Приемная Стивена Орднера была обставлена стульями современного дизайна и рыжеволосой секретаршей, восседавшей под репродукцией «Подсолнухов» Ван Гога. На полу лежал мохнатый ковер цвета устриц. Ненавязчивое освещение. Ненавязчивая музыка.

Рыжеволосая улыбнулась ему.
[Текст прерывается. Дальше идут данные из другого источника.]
(* Let $\Bbbk$ be a field and let $A=\bigoplus_{i\ge 0}A_i$ be a regular graded $\Bbbk$-algebra with $A_0=\Bbbk$. Let $M=\bigoplus_{i\ge0}M_i$ be a finitely generated graded $A$-module which is free, and let $r=r(M,A)$. Let $g_1,\dots,g_r\in M$ be homogeneous elements which are $A$-independent. Then \[\sum_{i=1}^r \deg(g_i)\ \ge\ s(M,A),\] with equality if and only if $g_1,\dots,g_r$ generate $M$ as an $A$-module (in which case they form a basis of $M$).
   Context: For a graded $\Bbbk$-algebra $A$ with $A_0=\Bbbk$ and a finitely generated graded $A$-module $M$, the Hilbert series are $H(A,t)=\sum_i\dim_\Bbbk(A_i)t^i$ and $H(M,t)=\sum_i \dim_\Bbbk(M_i)t^i$. Expand the quotient about $t=1$: $H(M,t)/H(A,t)=a_0+a_1(t-1)+\cdots$. The rank is $r(M,A)=a_0$ and the $s$-invariant is $s(M,A)=a_1$. Elements $g_1,\dots,g_r$ are $A$-independent if $\sum a_ig_i=0$ with $a_i\in A$ implies all $a_i=0$. *)

theory Defs
  imports Complex_Main
begin

definition graded_decomposition :: "(nat \<Rightarrow> 'm::ab_group_add set) \<Rightarrow> bool" where
  "graded_decomposition G \<longleftrightarrow>
     (\<forall>i. 0 \<in> G i \<and> (\<forall>x\<in>G i. \<forall>y\<in>G i. x + y \<in> G i \<and> - x \<in> G i)) \<and>
     (\<forall>x. \<exists>!c. (\<forall>i. c i \<in> G i) \<and> finite {i. c i \<noteq> 0} \<and> x = (\<Sum>i\<in>{i. c i \<noteq> 0}. c i))"

definition connected_graded_algebra ::
    "('k::field \<Rightarrow> 'a::comm_ring_1) \<Rightarrow> (nat \<Rightarrow> 'a set) \<Rightarrow> bool" where
  "connected_graded_algebra phi Agr \<longleftrightarrow>
     (\<forall>c d. phi (c + d) = phi c + phi d \<and> phi (c * d) = phi c * phi d) \<and> phi 1 = 1 \<and>
     graded_decomposition Agr \<and>
     (\<forall>i j. \<forall>x\<in>Agr i. \<forall>y\<in>Agr j. x * y \<in> Agr (i + j)) \<and>
     Agr 0 = range phi"
(* For every $0\le k\le n$ and every $\pi\in S_n$, $$\chi_{\beta_{H_n^k}}(\pi)=|C_\pi|\,(n-|\mathrm{supp}(\pi)|)_k=(n-|\mathrm{supp}(\pi)|)_k\,\chi_{Conj}(\pi),$$ where $\chi_{Conj}$ is the character of the conjugacy representation of $S_n$.
   Context: Permutations are composed as functions, and $\pi\in S_n$ is identified with the permutation matrix whose $(i,j)$ entry is $1$ iff $i=\pi(j)$. For $A\in GL_n(\mathbb{Z}_2)$ let $\eta(A)$ (resp. $\theta(A)$) be the partition obtained by sorting the row sums (resp. column sums) of $A$, computed as integers, in weakly decreasing order. For $0\le k\le n$, $H_n^k=\{A\in GL_n(\mathbb{Z}_2)\mid \eta(A)=(n,n-1,\dots,n-k+1,1^{n-k}),\ \theta(A)=((k+1)^{n-k},k,k-1,\dots,1)\}$. $\beta_{H_n^k}$ is the complex permutation representation of $S_n$ on the space with basis $H_n^k$ given by $\pi\circ A=\pi A\pi^{-1}$, with character $\chi_{\beta_{H_n^k}}$. $C_\pi$ is the centralizer of $\pi$ in $S_n$, $\mathrm{supp}(\pi)$ is the set of points moved by $\pi$, and $(m)_k=m(m-1)\cdots(m-k+1)$ is the falling factorial ($(m)_0=1$, and $(m)_k=0$ if $0\le m<k$). The conjugacy representation is the permutation representation of $S_n$ acting on itself by conjugation. *)

theory Defs
  imports "HOL-Library.Z2" "HOL-Combinatorics.Permutations" "Jordan_Normal_Form.Matrix" Complex_Main
begin

definition Sym :: "nat \<Rightarrow> (nat \<Rightarrow> nat) set" where
  "Sym n = {p. p permutes {..<n}}"

definition perm_mat :: "nat \<Rightarrow> (nat \<Rightarrow> nat) \<Rightarrow> bit mat" where
  "perm_mat n p = mat n n (\<lambda>(i, j). if i = p j then 1 else 0)"

definition conj_act :: "nat \<Rightarrow> (nat \<Rightarrow> nat) \<Rightarrow> bit mat \<Rightarrow> bit mat" where
  "conj_act n p A = perm_mat n p * A * perm_mat n (inv_into UNIV p)"

definition GL2 :: "nat \<Rightarrow> bit mat set" where
  "GL2 n = {A \<in> carrier_mat n n. invertible_mat A}"

definition row_sum :: "bit mat \<Rightarrow> nat \<Rightarrow> nat" where
  "row_sum A i = (\<Sum>j<dim_col A. if A $$ (i, j) = 1 then 1 else 0)"

definition col_sum :: "bit mat \<Rightarrow> nat \<Rightarrow> nat" where
  "col_sum A j = (\<Sum>i<dim_row A. if A $$ (i, j) = 1 then 1 else 0)"

text \<open>Partitions as weakly decreasing lists.\<close>
definition eta :: "bit mat \<Rightarrow> nat list" where
  "eta A = rev (sort (map (row_sum A) [0..<dim_row A]))"

definition theta :: "bit mat \<Rightarrow> nat list" where
  "theta A = rev (sort (map (col_sum A) [0..<dim_col A]))"

definition H :: "nat \<Rightarrow> nat \<Rightarrow> bit mat set" where
  "H n k = {A \<in> GL2 n.
     eta A = map (\<lambda>i. n - i) [0..<k] @ replicate (n - k) 1 \<and>
     theta A = replicate (n - k) (k + 1) @ map (\<lambda>i. k - i) [0..<k]}"

text \<open>Character of the permutation representation on basis H n k: trace of the
  permutation matrix of pi, i.e. the sum of its diagonal coefficients.\<close>
definition chi_beta :: "nat \<Rightarrow> nat \<Rightarrow> (nat \<Rightarrow> nat) \<Rightarrow> complex" where
  "chi_beta n k p = (\<Sum>A\<in>H n k. if conj_act n p A = A then 1 else 0)"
На ней был черный джемпер, а волосы ее были сзади схвачены золотой тесемкой.

– Мистер Доуз?

– Да.

– Проходите, пожалуйста.

Он открыл дверь и прошел в кабинет. Орднер что-то писал за массивным письменным столом. Позади него было окно во всю стену, из которого открывался вид на западную часть города. Он поднял глаза и положил ручку.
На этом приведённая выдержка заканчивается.